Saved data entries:
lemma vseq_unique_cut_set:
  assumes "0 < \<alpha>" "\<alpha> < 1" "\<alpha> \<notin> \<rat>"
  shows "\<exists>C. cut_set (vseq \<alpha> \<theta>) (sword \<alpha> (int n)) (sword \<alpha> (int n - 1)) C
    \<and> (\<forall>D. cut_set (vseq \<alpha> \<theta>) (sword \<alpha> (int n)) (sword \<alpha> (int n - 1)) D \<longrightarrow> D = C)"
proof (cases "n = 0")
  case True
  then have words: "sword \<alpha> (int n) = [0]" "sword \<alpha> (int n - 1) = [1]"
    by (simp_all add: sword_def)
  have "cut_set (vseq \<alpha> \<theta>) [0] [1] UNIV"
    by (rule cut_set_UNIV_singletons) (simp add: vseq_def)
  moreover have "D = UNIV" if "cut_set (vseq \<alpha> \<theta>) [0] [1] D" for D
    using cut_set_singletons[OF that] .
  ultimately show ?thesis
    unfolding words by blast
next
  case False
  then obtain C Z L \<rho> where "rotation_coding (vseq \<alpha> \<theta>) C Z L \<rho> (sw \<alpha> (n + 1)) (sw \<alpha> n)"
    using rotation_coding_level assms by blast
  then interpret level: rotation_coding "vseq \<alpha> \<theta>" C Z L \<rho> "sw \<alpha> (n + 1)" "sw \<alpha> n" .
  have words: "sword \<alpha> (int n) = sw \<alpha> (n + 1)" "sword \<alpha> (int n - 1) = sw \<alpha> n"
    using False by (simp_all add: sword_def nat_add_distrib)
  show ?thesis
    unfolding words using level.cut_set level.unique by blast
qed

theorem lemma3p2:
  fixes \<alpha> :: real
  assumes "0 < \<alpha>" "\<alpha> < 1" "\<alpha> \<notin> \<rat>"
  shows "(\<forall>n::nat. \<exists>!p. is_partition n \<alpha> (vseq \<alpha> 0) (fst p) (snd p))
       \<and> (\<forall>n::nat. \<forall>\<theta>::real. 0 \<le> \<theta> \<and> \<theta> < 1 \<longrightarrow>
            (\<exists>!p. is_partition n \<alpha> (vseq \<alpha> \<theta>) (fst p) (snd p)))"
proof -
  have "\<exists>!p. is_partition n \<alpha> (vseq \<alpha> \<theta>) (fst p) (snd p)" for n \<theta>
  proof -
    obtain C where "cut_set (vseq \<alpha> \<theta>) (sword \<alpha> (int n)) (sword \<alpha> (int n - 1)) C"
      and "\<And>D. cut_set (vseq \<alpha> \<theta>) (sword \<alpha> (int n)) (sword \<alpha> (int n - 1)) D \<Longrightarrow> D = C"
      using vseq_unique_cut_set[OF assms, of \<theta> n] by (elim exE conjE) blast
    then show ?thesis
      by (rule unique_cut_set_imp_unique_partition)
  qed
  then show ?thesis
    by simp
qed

- YOUR OBJECTIVE -
Repeat only the stretch of lines that begins at the line containing "obtain C where" and ends at the last line above, both included.

- WRITTEN ANSWER -
    obtain C where "cut_set (vseq \<alpha> \<theta>) (sword \<alpha> (int n)) (sword \<alpha> (int n - 1)) C"
      and "\<And>D. cut_set (vseq \<alpha> \<theta>) (sword \<alpha> (int n)) (sword \<alpha> (int n - 1)) D \<Longrightarrow> D = C"
      using vseq_unique_cut_set[OF assms, of \<theta> n] by (elim exE conjE) blast
    then show ?thesis
      by (rule unique_cut_set_imp_unique_partition)
  qed
  then show ?thesis
    by simp
qed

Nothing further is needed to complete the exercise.